In the catalogue, Ireland was said to have been in a schizophrenic state in the 1980s torn between the troubled past and an uncertain future. Apart from our economic crisis and the mass emigration of many of our most ambitious and talented young people - we lived in a state of fear and despair as we witnessed the outrages of Northern Ireland and fought cultural wars in the South around the subjects of; divorce, abortion, contraception, homosexuality, pornography and the role of the Catholic Church in modern Irish society. As such, the work of these and other Neo-Expressionist like Brian Bourke and Michael Kane – documented our cultural and national, identity crisis – or at least as it was seen from a very masculine perspective.                                                                                                     

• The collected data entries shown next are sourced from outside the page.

(* In the setting described in the context, for $\gamma_1,\gamma_2\ge0$ with $\gamma_1+\gamma_2=\gamma$, there is a positive constant $C_1=C_1(d,\lambda,\gamma_1,\gamma_2)$ such that for all $n\in\mathbb{N}_\infty$, $s\in[0,1]$ and $y,z\in\mathbb{R}^d$, $$\|\nabla g^n(\cdot,z)\|_{\infty,\gamma_1}\le C_1(1\wedge|z|^{\gamma_2})\qquad\text{and}\qquad|g^n_s(y,z)|\le\tfrac32|z|.$$ Moreover, for each $t\in[0,1]$, $y,z\in\mathbb{R}^d$ and $j=0,1$, $\lim_{n\to\infty}\nabla^j_yg^n_t(y,z)=\nabla^j_yg^\infty_t(y,z)$.
   Context: Setting. Let $\gamma\in(0,1)$, $\lambda\ge0$, $\mathbb{N}_\infty:=\mathbb{N}\cup\{\infty\}$. For each $n\in\mathbb{N}_\infty$ let $u^n:[0,1]\times\mathbb{R}^d\to\mathbb{R}^d$ be $C^1$ in $x$ with (a) $\|\nabla u^n_t\|_\infty+\sup_{x\ne x'}|\nabla u^n_t(x)-\nabla u^n_t(x')|/|x-x'|^\gamma\le\frac12$ for all $n\in\mathbb{N}_\infty$, $t\in[0,1]$; (b) for every $R>0$ and $j=0,1$, $\lim_{n\to\infty}\sup_{t\in[0,1]}\sup_{|x|\le R}|\nabla^ju^n_t(x)-\nabla^ju^\infty_t(x)|=0$. (In the paper these are the solutions of $\partial_tu^n+(\mathscr{L}_{\nu,\eta}-\lambda)u^n+b^n\cdot\nabla u^n+b^n=0$, $u^n_1=0$, along a subsequence, with $\lambda$ chosen large enough for (a).) Let $\Phi^n_t(x):=x+u^n_t(x)$, a $C^1$-diffeomorphism of $\mathbb{R}^d$ with inverse $(\Phi^n_t)^{-1}$, and define $$g^n_s(y,z):=\Phi^n_s\big((\Phi^n_s)^{-1}(y)+z\big)-y.$$ Notation: $[h]_\beta=\sup_{x\ne y}|h(x)-h(y)|/|x-y|^\beta$, $\|h\|_\beta=\|h\|_\infty+[h]_\beta$, and $\|\nabla g^n(\cdot,z)\|_{\infty,\gamma_1}:=\sup_{s\in[0,1]}\|\nabla_yg^n_s(\cdot,z)\|_{\gamma_1}$. *)

theory Defs
  imports "HOL-Analysis.Analysis" "HOL-Library.Extended_Nat"
begin

definition grad :: "('a::euclidean_space \<Rightarrow> 'a) \<Rightarrow> 'a \<Rightarrow> 'a \<Rightarrow> 'a" where
  "grad f x = frechet_derivative f (at x)"

definition sup_op :: "('a::euclidean_space \<Rightarrow> 'a \<Rightarrow> 'a) \<Rightarrow> ereal" where
  "sup_op D = (SUP x. ereal (onorm (D x)))"

definition hoelder_op :: "('a::euclidean_space \<Rightarrow> 'a \<Rightarrow> 'a) \<Rightarrow> real \<Rightarrow> ereal" where
  "hoelder_op D \<beta> = (SUP p \<in> {p. fst p \<noteq> snd p}.
      ereal (onorm (\<lambda>v. D (fst p) v - D (snd p) v) / (dist (fst p) (snd p) powr \<beta>)))"

definition hnorm_op :: "('a::euclidean_space \<Rightarrow> 'a \<Rightarrow> 'a) \<Rightarrow> real \<Rightarrow> ereal" where
  "hnorm_op D \<beta> = sup_op D + hoelder_op D \<beta>"

text \<open>Mathematical power |z|^a with the convention 0^0 = 1.\<close>
definition mpow :: "real \<Rightarrow> real \<Rightarrow> real" where
  "mpow x a = (if x = 0 then (if a = 0 then 1 else 0) else x powr a)"

text \<open>Standing assumptions (a) and (b) of the setting; index n ranges over N \<union> {\<infinity>} = enat.\<close>
definition setting :: "real \<Rightarrow> (enat \<Rightarrow> real \<Rightarrow> 'a::euclidean_space \<Rightarrow> 'a) \<Rightarrow> bool" where
  "setting \<gamma> u \<longleftrightarrow>
     (\<forall>n t x. t \<in> {0..1} \<longrightarrow> u n t differentiable (at x)) \<and>
     (\<forall>n t. t \<in> {0..1} \<longrightarrow> hnorm_op (grad (u n t)) \<gamma> \<le> ereal (1/2)) \<and>
     (\<forall>R>0. (\<lambda>k::nat. SUP t\<in>{0..1}. SUP x\<in>cball 0 R.
                 ereal (norm (u (enat k) t x - u \<infinity> t x))) \<longlonglongrightarrow> 0) \<and>
     (\<forall>R>0. (\<lambda>k::nat. SUP t\<in>{0..1}. SUP x\<in>cball 0 R.
                 ereal (onorm (\<lambda>v. grad (u (enat k) t) x v - grad (u \<infinity> t) x v))) \<longlonglongrightarrow> 0)"

definition Phi :: "(enat \<Rightarrow> real \<Rightarrow> 'a::euclidean_space \<Rightarrow> 'a) \<Rightarrow> enat \<Rightarrow> real \<Rightarrow> 'a \<Rightarrow> 'a" where
  "Phi u n t x = x + u n t x"

definition gfun :: "(enat \<Rightarrow> real \<Rightarrow> 'a::euclidean_space \<Rightarrow> 'a) \<Rightarrow> enat \<Rightarrow> real \<Rightarrow> 'a \<Rightarrow> 'a \<Rightarrow> 'a" where
  "gfun u n s y z = Phi u n s (inv (Phi u n s) y + z) - y"

end

(*
  Write Phi = id + u with u 1/2-Lipschitz. By Banach's fixed point theorem Phi is a bijection
  whose inverse is 2-Lipschitz, and g(y, z) = z + u(x + z) - u(x) for x = Phi^-1 y, so
  |g| <= 3/2 |z|. By the inverse function theorem
    Dg(y) = (Du(x + z) - Du(x)) o (I + Du(x))^-1,   ||(I + Du(x))^-1|| <= 2.
  The second difference Du(x + z) - Du(x) - Du(x' + z) + Du(x') is bounded by 2, by |x - x'|^gamma
  and by |z|^gamma; interpolating gives 2 min(1, |z|^gamma2) |x - x'|^gamma1, and |x - x'| is at
  most 2 |y - y'|. For the limits, |Phi_n^-1 y - Phi^-1 y| <= 2 |u_n(x) - u(x)|, and Du_n -> Du
  locally uniformly with Du continuous, so every ingredient of Dg converges.
*)
theory Submission
  imports Defs
begin

lemma min_one_powr_le_powr:
  fixes t \<alpha> \<beta> :: real
  assumes "0 < t" "0 \<le> \<beta>" "\<beta> \<le> \<alpha>"
  shows "min 1 (t powr \<alpha>) \<le> t powr \<beta>"
proof (cases "t \<le> 1")
  case True
  then have "t powr \<alpha> \<le> t powr \<beta>"
    using assms by (intro powr_mono') auto
  then show ?thesis by linarith
next
  case False
  then have "1 \<le> t powr \<beta>"
    using assms by (intro ge_one_powr_ge_zero) auto
  then show ?thesis by linarith
qed

lemma min_one_powr_le_mpow:
  fixes t \<alpha> \<beta> :: real
  assumes "0 \<le> t" "0 \<le> \<beta>" "\<beta> \<le> \<alpha>"
  shows "min 1 (t powr \<alpha>) \<le> min 1 (mpow t \<beta>)"
  using min_one_powr_le_powr[of t \<beta> \<alpha>] assms by (auto simp: mpow_def)

lemma powr_interpolation_le:
  fixes b d t \<gamma>1 \<gamma>2 :: real
  assumes "0 < d" "0 \<le> t" "0 \<le> \<gamma>1" "0 \<le> \<gamma>2"
    and "b \<le> 2" "b \<le> d powr (\<gamma>1 + \<gamma>2)" "b \<le> t powr (\<gamma>1 + \<gamma>2)"
  shows "b \<le> 2 * min 1 (mpow t \<gamma>2) * d powr \<gamma>1"
proof (cases "t = 0")
  case True
  then have "b \<le> 0" using assms by simp
  moreover have "0 \<le> min 1 (mpow t \<gamma>2)" by (simp add: mpow_def)
  ultimately show ?thesis by (simp add: order_trans[OF _ mult_nonneg_nonneg])
next
  case False
  with assms have "0 < t" by simp
  have "b \<le> 2 * min 1 (d powr (\<gamma>1 + \<gamma>2))"
    using assms powr_ge_zero[of d "\<gamma>1 + \<gamma>2"] by linarith
  also have "\<dots> \<le> 2 * d powr \<gamma>1"
    using min_one_powr_le_powr[of d \<gamma>1 "\<gamma>1 + \<gamma>2"] assms by simp
  finally have far: "b \<le> 2 * d powr \<gamma>1" .
  define r where "r = min d t"
  have "0 < r" using \<open>0 < t\<close> assms by (simp add: r_def)
  have "b \<le> r powr (\<gamma>1 + \<gamma>2)"
    using assms by (simp add: r_def min_def)
  also have "\<dots> = r powr \<gamma>1 * r powr \<gamma>2"
    by (simp add: powr_add)
  also have "\<dots> \<le> d powr \<gamma>1 * t powr \<gamma>2"
    using \<open>0 < r\<close> assms by (intro mult_mono[OF powr_mono2 powr_mono2]) (auto simp: r_def)
  also have "\<dots> \<le> 2 * t powr \<gamma>2 * d powr \<gamma>1"
    by (simp add: algebra_simps)
  finally have near: "b \<le> 2 * t powr \<gamma>2 * d powr \<gamma>1" .
  show ?thesis
    using far near \<open>0 < t\<close> by (simp add: mpow_def min_def)
qed

lemma onorm_diff_le:
  assumes "bounded_linear f" "bounded_linear g"
  shows "onorm (\<lambda>x. f x - g x) \<le> onorm f + onorm g"
  using onorm_triangle[OF assms(1) bounded_linear_minus[OF assms(2)]]
  by (simp add: onorm_neg)

lemma lipschitz_on_bounded_linear:
  assumes "bounded_linear L" "onorm L \<le> C"
  shows "C-lipschitz_on U L"
proof (rule lipschitz_onI)
  fix x y
  have "dist (L x) (L y) = norm (L (x - y))"
    using assms(1) by (simp add: dist_norm linear_diff bounded_linear.linear)
  also have "\<dots> \<le> C * dist x y"
    using onorm[OF assms(1), of "x - y"] assms(2)
    by (simp add: dist_norm order_trans[OF _ mult_right_mono])
  finally show "dist (L x) (L y) \<le> C * dist x y" .
  show "0 \<le> C" using onorm_pos_le[OF assms(1)] assms(2) by linarith
qed

section \<open>Lipschitz perturbations of the identity\<close>

definition id_plus :: "('a::real_vector \<Rightarrow> 'a) \<Rightarrow> 'a \<Rightarrow> 'a" where
  "id_plus f x = x + f x"

lemma dist_le_dist_id_plus:
  fixes f :: "'a::real_normed_vector \<Rightarrow> 'a"
  assumes "(1/2)-lipschitz_on UNIV f"
  shows "dist x y \<le> 2 * dist (id_plus f x) (id_plus f y)"
proof -
  have "x - y = (id_plus f x - id_plus f y) - (f x - f y)"
    by (simp add: id_plus_def)
  then have "dist x y \<le> dist (id_plus f x) (id_plus f y) + dist (f x) (f y)"
    by (metis dist_norm norm_triangle_ineq4)
  moreover have "dist (f x) (f y) \<le> 1/2 * dist x y"
    using lipschitz_onD[OF assms] by simp
  ultimately show ?thesis by linarith
qed

lemma bij_id_plus:
  fixes f :: "'a::banach \<Rightarrow> 'a"
  assumes f: "(1/2)-lipschitz_on UNIV f"
  shows "bij (id_plus f)"
proof (rule bijI)
  show "inj (id_plus f)"
  proof (rule injI)
    fix x y assume "id_plus f x = id_plus f y"
    then show "x = y" using dist_le_dist_id_plus[OF f, of x y] by simp
  qed
  have "\<exists>x. id_plus f x = y" for y
  proof -
    have "\<exists>!x. y - f x = x"
      by (rule banach_fix_type[of "1/2"])
         (use lipschitz_onD[OF f] in \<open>auto simp: dist_norm norm_minus_commute\<close>)
    then show ?thesis by (auto simp: id_plus_def algebra_simps)
  qed
  then show "surj (id_plus f)" by (metis surjI)
qed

These angry, political and antagonistic Irish paintings - obsessed with the body and its place within the state might have been part of a Neo-Expressionist bandwagon but it fit the Irish character at the time like a glove. The grimness of Graham, Maguire and to a lesser extent Hall and Hawkesworth – went deliberately and defiantly against previous Irish academic art, abstract bank art and popular culture. They were accused of egotism, misogyny, socio-political incorrectness and the production of reactionary painting by their numerous critics – particularly those in the pages of Circa magazine. In the end their dedication and integrity had paid off and they all went on to be represented by our best private galleries, exhibited in our best museums and bought and sold by some of our biggest businessmen.                                    
By and large, our painters in the early 1980s lacked the finances and support of rich painters in New York or Cologne and so had to make ends meet as best they could. The Irish art world had always been small, but in the eighties it was especially restricted in terms of the number of active collectors. So denied sales, most painters had to apply to the Arts Council, for the cost of a large canvas and some paint. But the number of grants was small, the grants limited in finance and competition was fierce. Arguably, the likes of Graham and Maguire achieved far more than most with what resources they had. They were also lucky to have the support of dealers like Blaithin De Sachy.                                                             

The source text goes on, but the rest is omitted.